Scan the material for the word "assms", then return every line where it appears.

(Dataset excerpts Opens)

lemma is_mge_one_diagonal:
  assumes "mge_monoid TYPE('m::monoid_mult)"
  shows "is_mge (1, 1) (m::'m, m)"
  unfolding is_mge_def equalizer_def
  by (auto dest: mge_monoid_left_cancel[OF assms] intro: exI[of _ "snd _"])

lemma mge_fun_equalizable_imp_mge:
  "mge_fun \<eta> \<Longrightarrow> equalizable m \<Longrightarrow> \<exists>x. \<eta> m = Some x \<and> is_mge x m"
  unfolding mge_fun_def by blast

lemma valuation_nu_is_mge:
  assumes "mge_monoid TYPE('m::monoid_mult)" and "mge_fun \<eta>"
    and "\<rho> p = Some (m::'m \<times> 'm)" and "equalizable m"
  shows "\<exists>x. valuation_nu \<rho> \<eta> p = Some x \<and> is_mge x m"
proof (cases "fst m = snd m")
  case True
  then show ?thesis
    using assms(3) is_mge_one_diagonal[OF assms(1), of "fst m"]
    by (cases m) (simp add: valuation_nu_def)
next
  case False
  obtain x where "\<eta> m = Some x" and "is_mge x m"
    using mge_fun_equalizable_imp_mge[OF assms(2,4)] by blast
  with False assms(3) show ?thesis
    by (cases m) (simp add: valuation_nu_def)
qed

lemma sstar_snoc:
  "sstar D i r p \<Longrightarrow> (p, (u1, u2), q) \<in> D \<Longrightarrow> sstar D i (fst r * u1, snd r * u2) q"
proof (induction rule: sstar.induct)
  case (sstar_refl p)
  then show ?case
    using sstar.sstar_step[OF _ sstar.sstar_refl, of p u1 u2 q D] by simp
next
  case (sstar_step p m1 m2 q n1 n2 r)
  then show ?case
    using sstar.sstar_step[of p m1 m2 q D "n1 * u1" "n2 * u2"] by (simp add: mult.assoc)
qed

lemma sstar_snoc_induct[consumes 1, case_names refl snoc]:
  assumes "sstar D p r q"
    and refl: "P (1, 1) p"
    and snoc: "\<And>r q u1 u2 t. sstar D p r q \<Longrightarrow> P r q \<Longrightarrow> (q, (u1, u2), t) \<in> D \<Longrightarrow>
                 P (fst r * u1, snd r * u2) t"
  shows "P r q"
proof -
  have "sstar D p (fst r * fst n, snd r * snd n) s \<and> P (fst r * fst n, snd r * snd n) s"
    if "sstar D q n s" and "sstar D p r q" and "P r q" for q n s r
    using that
  proof (induction arbitrary: r rule: sstar.induct)
    case (sstar_refl q)
    then show ?case by simp
  next
    case (sstar_step q m1 m2 q' n1 n2 s)
    have "sstar D p (fst r * m1, snd r * m2) q'" and "P (fst r * m1, snd r * m2) q'"
      using sstar_step.prems sstar_step.hyps(1) by (auto intro: sstar_snoc snoc)
    then show ?case
      using sstar_step.IH[of "(fst r * m1, snd r * m2)"] by (simp add: mult.assoc)
  qed
  from this[OF assms(1) sstar.sstar_refl refl] show ?thesis by simp
qed

lemma on_successful_path_backward:
  assumes "i \<in> I2" and "sstar D i r q" and "(q, (u1, u2), t) \<in> D"
    and "on_successful_path I2 F2 D t"
  shows "on_successful_path I2 F2 D q"
proof -
  obtain f b where "f \<in> F2" and "sstar D t b f"
    using assms(4) by (auto simp: on_successful_path_def)
  with assms(1-3) show ?thesis
    unfolding on_successful_path_def
    using sstar.sstar_step[OF assms(3), of "fst b" "snd b" f] by (metis prod.collapse)
qed

lemma relevant_pair_snoc:
  assumes "relevant_pair I2 F2 D p r" and "on_successful_path I2 F2 D q"
    and "(p, (u1, u2), q) \<in> D"
  shows "relevant_pair I2 F2 D q (fst r * u1, snd r * u2)"
  using assms by (auto simp: relevant_pair_def intro: sstar_snoc)

lemma relevant_pair_equalizers_eq_valuation:
  assumes rho: "valuation_rho Q I2 F2 D \<rho>"
    and I2: "I2 \<subseteq> Q \<times> Q" and D: "D \<subseteq> (Q \<times> Q) \<times> UNIV \<times> (Q \<times> Q)"
    and eta: "mge_fun \<eta>"
    and transition: "\<And>p q m1 m2 n1 n2 u1 u2. p \<in> Q \<times> Q \<Longrightarrow> q \<in> Q \<times> Q \<Longrightarrow>
        \<rho> p = Some (m1, m2) \<Longrightarrow> \<rho> q = Some (n1, n2) \<Longrightarrow> (p, (u1, u2), q) \<in> D \<Longrightarrow>
        \<exists>x. \<eta> (m1 * u1, m2 * u2) = Some x \<and> is_mge x (n1, n2)"
    and "relevant_pair I2 F2 D s r"
  shows "\<exists>m. \<rho> s = Some m \<and> equalizable m \<and> equalizers r = equalizers m"
proof -
  have rho_none_iff: "\<And>q. q \<in> Q \<times> Q \<Longrightarrow> \<rho> q = None \<longleftrightarrow> \<not> (\<exists>r. relevant_pair I2 F2 D q r)"
    using rho unfolding valuation_rho_def by blast
  have rho_initial: "\<And>q. q \<in> Q \<times> Q \<Longrightarrow> q \<in> I2 \<Longrightarrow> (\<exists>r. relevant_pair I2 F2 D q r) \<Longrightarrow>
      \<rho> q = Some (1, 1)"
    using rho unfolding valuation_rho_def by blast
  obtain i where i: "i \<in> I2" and path: "sstar D i r s" and "on_successful_path I2 F2 D s"
    using assms(6) by (auto simp: relevant_pair_def)
  from path this(3) show ?thesis
  proof (induction rule: sstar_snoc_induct)
    case refl
    with i have "relevant_pair I2 F2 D i (1, 1)"
      unfolding relevant_pair_def using sstar.sstar_refl by blast
    with i I2 have "\<rho> i = Some (1, 1)"
      using rho_initial by blast
    then show ?case
      by (auto simp: equalizable_def equalizer_def)
  next
    case (snoc r q u1 u2 t)
    have q: "q \<in> Q \<times> Q" and t: "t \<in> Q \<times> Q"
      using snoc.hyps(2) D by auto
    have "on_successful_path I2 F2 D q"
      using on_successful_path_backward[OF i snoc.hyps snoc.prems] .
    then obtain m where m: "\<rho> q = Some m" and r_m: "equalizers r = equalizers m"
      using snoc.IH by blast
    have "relevant_pair I2 F2 D t (fst r * u1, snd r * u2)"
      using i sstar_snoc[OF snoc.hyps] snoc.prems unfolding relevant_pair_def by blast
    with t have "\<rho> t \<noteq> None"
      using rho_none_iff by blast
    then obtain n where n: "\<rho> t = Some n"
      by blast
    obtain x where x: "\<eta> (fst m * u1, snd m * u2) = Some x" and x_n: "is_mge x n"
      using transition[OF q t, of "fst m" "snd m" "fst n" "snd n" u1 u2] m n snoc.hyps(2)
      by auto
    have x_m: "is_mge x (fst m * u1, snd m * u2)"
      using eta x unfolding mge_fun_def by blast
    have "equalizers (fst r * u1, snd r * u2) = equalizers (fst m * u1, snd m * u2)"
      using equalizers_mult_right_cong[OF r_m] .
    also have "\<dots> = equalizers n"
      using equalizers_eq_if_common_mge[OF x_m x_n] .
    finally show ?case
      using n is_mge_imp_equalizable[OF x_n] by blast
  qed
qed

(Dataset excerpts Closes)

Solution to this exercise:
  by (auto dest: mge_monoid_left_cancel[OF assms] intro: exI[of _ "snd _"])
    using assms(3) is_mge_one_diagonal[OF assms(1), of "fst m"]
    using mge_fun_equalizable_imp_mge[OF assms(2,4)] by blast
  with False assms(3) show ?thesis
  from this[OF assms(1) sstar.sstar_refl refl] show ?thesis by simp
    using assms(4) by (auto simp: on_successful_path_def)
  with assms(1-3) show ?thesis
    using sstar.sstar_step[OF assms(3), of "fst b" "snd b" f] by (metis prod.collapse)
  using assms by (auto simp: relevant_pair_def intro: sstar_snoc)
    using assms(6) by (auto simp: relevant_pair_def)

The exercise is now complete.